(Entries taken from a collection)
=====
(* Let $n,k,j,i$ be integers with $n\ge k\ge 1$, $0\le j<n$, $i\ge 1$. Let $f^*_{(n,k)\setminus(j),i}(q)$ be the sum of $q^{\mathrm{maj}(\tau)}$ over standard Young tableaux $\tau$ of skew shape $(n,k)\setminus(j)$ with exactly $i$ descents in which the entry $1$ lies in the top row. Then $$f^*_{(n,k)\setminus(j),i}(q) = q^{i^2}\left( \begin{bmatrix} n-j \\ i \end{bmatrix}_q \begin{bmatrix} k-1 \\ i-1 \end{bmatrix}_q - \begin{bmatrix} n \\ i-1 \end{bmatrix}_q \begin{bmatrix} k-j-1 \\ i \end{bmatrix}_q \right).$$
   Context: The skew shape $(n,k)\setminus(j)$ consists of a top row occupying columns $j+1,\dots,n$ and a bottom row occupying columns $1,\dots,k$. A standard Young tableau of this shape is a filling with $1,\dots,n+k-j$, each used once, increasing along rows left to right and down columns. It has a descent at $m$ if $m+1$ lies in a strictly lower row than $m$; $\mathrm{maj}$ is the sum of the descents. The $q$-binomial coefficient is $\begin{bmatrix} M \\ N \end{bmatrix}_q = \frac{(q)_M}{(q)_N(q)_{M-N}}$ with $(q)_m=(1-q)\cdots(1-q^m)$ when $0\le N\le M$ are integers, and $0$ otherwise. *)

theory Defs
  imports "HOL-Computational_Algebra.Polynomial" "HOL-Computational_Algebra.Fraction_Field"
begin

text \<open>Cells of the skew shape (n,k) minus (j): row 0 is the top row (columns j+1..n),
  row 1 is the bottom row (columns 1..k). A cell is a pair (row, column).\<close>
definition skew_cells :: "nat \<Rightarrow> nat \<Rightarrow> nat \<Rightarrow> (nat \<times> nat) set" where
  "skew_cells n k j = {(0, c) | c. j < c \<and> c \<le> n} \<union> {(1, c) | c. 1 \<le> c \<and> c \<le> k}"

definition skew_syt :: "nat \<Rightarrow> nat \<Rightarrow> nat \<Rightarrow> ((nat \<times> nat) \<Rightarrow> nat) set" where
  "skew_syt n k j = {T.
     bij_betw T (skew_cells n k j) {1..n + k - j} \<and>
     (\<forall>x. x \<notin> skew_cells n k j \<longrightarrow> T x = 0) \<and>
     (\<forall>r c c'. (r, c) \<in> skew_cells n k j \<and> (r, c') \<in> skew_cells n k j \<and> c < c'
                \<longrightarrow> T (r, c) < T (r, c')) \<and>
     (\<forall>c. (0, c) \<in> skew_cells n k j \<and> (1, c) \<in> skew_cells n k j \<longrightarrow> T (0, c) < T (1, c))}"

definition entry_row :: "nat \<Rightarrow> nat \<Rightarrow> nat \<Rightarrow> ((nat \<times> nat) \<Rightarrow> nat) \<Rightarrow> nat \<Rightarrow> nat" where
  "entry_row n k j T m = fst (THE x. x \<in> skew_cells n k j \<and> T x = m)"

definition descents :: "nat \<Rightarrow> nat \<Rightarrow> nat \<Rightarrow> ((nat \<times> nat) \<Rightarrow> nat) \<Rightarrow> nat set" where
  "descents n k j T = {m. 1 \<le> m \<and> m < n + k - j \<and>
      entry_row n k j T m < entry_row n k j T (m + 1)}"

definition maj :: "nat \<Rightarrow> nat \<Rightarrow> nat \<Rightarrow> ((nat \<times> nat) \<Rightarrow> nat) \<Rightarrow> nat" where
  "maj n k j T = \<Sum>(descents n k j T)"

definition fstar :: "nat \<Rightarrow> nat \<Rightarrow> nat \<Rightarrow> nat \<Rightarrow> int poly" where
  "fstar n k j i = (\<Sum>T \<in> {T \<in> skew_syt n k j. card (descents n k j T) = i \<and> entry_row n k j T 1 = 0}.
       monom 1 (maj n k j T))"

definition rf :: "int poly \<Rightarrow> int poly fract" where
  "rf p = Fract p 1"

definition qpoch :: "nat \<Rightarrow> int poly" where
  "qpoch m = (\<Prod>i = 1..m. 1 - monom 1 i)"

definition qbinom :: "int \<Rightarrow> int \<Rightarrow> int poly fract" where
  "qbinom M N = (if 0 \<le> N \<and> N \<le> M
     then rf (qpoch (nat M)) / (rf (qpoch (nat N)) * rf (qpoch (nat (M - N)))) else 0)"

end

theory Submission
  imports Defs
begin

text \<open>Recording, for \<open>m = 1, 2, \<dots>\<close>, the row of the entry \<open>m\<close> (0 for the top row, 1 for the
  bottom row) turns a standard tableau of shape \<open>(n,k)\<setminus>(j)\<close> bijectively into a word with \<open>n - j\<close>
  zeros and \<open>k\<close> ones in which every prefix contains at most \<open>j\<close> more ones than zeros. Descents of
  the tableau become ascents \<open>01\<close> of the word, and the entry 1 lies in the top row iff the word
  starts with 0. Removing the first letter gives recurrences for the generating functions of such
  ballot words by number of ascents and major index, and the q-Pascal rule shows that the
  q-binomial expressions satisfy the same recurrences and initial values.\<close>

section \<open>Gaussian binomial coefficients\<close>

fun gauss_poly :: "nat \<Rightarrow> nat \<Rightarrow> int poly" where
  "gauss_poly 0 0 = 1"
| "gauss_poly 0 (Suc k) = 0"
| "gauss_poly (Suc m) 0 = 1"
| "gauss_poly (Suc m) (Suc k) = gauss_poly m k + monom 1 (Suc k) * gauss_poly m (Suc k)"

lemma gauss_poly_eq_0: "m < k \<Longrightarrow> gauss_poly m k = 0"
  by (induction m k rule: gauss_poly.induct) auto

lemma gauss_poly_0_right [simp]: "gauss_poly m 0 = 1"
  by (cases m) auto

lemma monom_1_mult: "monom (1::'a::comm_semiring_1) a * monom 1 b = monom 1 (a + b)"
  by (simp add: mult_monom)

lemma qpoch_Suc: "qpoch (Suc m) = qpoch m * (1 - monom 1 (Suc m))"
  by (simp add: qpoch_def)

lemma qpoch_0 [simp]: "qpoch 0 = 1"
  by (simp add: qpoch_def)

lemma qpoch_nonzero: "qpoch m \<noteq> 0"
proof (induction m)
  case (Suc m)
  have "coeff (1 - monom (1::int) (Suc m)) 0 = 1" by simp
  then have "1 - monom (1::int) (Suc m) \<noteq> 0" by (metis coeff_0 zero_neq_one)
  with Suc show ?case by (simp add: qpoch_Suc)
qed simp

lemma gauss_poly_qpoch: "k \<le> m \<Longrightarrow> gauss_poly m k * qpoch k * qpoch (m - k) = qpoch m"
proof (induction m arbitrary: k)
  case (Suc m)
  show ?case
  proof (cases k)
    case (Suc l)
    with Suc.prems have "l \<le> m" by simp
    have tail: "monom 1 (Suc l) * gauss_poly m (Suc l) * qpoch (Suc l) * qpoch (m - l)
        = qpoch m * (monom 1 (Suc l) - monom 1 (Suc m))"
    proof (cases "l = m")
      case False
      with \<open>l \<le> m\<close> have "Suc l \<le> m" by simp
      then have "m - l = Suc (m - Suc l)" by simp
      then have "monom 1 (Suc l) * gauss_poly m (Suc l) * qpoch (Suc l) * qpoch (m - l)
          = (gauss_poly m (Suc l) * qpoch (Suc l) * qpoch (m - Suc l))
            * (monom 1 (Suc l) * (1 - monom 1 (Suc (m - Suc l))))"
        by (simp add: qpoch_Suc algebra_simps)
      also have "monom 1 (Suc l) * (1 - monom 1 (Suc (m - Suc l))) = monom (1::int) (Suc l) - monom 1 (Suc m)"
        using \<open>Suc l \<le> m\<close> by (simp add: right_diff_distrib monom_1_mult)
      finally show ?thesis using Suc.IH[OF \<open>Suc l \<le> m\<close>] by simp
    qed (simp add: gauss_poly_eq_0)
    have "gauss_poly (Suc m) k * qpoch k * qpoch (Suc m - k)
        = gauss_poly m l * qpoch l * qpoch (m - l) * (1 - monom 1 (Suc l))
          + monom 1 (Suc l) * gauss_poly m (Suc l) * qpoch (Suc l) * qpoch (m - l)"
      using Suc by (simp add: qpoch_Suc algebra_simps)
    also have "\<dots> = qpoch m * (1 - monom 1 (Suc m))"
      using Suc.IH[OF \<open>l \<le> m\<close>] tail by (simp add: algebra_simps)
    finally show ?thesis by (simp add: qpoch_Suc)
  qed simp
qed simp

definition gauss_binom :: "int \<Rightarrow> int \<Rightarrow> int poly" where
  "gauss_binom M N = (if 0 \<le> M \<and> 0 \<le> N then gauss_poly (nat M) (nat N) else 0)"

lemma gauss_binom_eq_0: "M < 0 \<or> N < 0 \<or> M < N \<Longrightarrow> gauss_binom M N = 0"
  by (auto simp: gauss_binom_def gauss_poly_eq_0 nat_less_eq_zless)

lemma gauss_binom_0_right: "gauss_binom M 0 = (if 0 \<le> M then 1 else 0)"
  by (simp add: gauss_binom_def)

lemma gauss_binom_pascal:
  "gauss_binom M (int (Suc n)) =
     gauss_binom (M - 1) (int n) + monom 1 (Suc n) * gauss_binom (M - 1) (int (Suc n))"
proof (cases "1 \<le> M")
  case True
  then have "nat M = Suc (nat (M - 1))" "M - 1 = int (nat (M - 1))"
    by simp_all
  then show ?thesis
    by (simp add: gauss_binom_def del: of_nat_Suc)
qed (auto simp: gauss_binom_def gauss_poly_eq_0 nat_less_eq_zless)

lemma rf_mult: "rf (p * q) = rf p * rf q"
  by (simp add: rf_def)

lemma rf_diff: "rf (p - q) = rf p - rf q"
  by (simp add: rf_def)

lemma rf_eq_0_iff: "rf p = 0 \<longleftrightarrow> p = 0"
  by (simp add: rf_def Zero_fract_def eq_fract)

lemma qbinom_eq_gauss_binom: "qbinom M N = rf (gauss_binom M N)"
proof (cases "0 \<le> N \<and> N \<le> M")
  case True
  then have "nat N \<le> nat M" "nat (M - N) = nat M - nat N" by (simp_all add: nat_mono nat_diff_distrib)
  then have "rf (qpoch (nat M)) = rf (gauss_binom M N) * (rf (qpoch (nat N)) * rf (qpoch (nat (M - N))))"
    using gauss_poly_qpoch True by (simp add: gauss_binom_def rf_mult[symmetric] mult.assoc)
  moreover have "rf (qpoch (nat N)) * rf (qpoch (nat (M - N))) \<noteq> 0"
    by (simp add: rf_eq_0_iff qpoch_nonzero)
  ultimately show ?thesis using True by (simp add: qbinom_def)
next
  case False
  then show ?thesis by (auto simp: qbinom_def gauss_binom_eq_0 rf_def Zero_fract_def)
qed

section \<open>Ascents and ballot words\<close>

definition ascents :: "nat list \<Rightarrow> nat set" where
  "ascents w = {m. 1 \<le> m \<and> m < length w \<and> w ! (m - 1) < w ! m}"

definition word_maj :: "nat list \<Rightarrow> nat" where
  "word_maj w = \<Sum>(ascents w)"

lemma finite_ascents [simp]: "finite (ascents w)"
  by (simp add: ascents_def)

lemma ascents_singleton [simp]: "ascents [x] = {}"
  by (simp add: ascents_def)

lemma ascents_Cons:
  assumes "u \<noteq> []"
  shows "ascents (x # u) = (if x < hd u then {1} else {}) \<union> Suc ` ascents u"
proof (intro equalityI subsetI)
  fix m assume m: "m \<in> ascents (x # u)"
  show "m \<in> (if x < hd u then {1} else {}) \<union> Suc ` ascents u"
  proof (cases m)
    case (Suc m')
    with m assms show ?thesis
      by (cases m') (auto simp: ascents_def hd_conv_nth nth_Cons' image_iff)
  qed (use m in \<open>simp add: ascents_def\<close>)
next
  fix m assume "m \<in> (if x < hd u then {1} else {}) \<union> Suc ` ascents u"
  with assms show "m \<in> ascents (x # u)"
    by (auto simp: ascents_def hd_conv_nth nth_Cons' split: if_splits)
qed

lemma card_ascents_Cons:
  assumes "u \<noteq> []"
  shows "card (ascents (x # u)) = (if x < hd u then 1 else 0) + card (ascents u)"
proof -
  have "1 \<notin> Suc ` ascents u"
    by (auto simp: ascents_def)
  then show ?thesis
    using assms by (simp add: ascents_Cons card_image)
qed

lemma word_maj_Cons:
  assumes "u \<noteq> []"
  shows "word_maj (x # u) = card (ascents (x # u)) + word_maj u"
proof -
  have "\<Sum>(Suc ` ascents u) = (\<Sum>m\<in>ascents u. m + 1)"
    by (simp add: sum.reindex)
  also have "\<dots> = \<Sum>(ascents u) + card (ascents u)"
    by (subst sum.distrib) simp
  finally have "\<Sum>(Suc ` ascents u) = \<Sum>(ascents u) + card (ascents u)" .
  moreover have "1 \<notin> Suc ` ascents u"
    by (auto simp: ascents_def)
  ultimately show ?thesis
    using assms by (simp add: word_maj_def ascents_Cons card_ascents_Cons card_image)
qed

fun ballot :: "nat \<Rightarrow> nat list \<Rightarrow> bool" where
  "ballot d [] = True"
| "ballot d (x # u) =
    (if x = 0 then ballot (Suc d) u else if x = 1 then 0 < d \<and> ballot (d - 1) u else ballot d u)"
=====
**Problem to solve:** Among the records above, find each line containing the string "moreover" and copy it.

**Answer to this exercise:**
  moreover have "rf (qpoch (nat N)) * rf (qpoch (nat (M - N))) \<noteq> 0"
  moreover have "1 \<notin> Suc ` ascents u"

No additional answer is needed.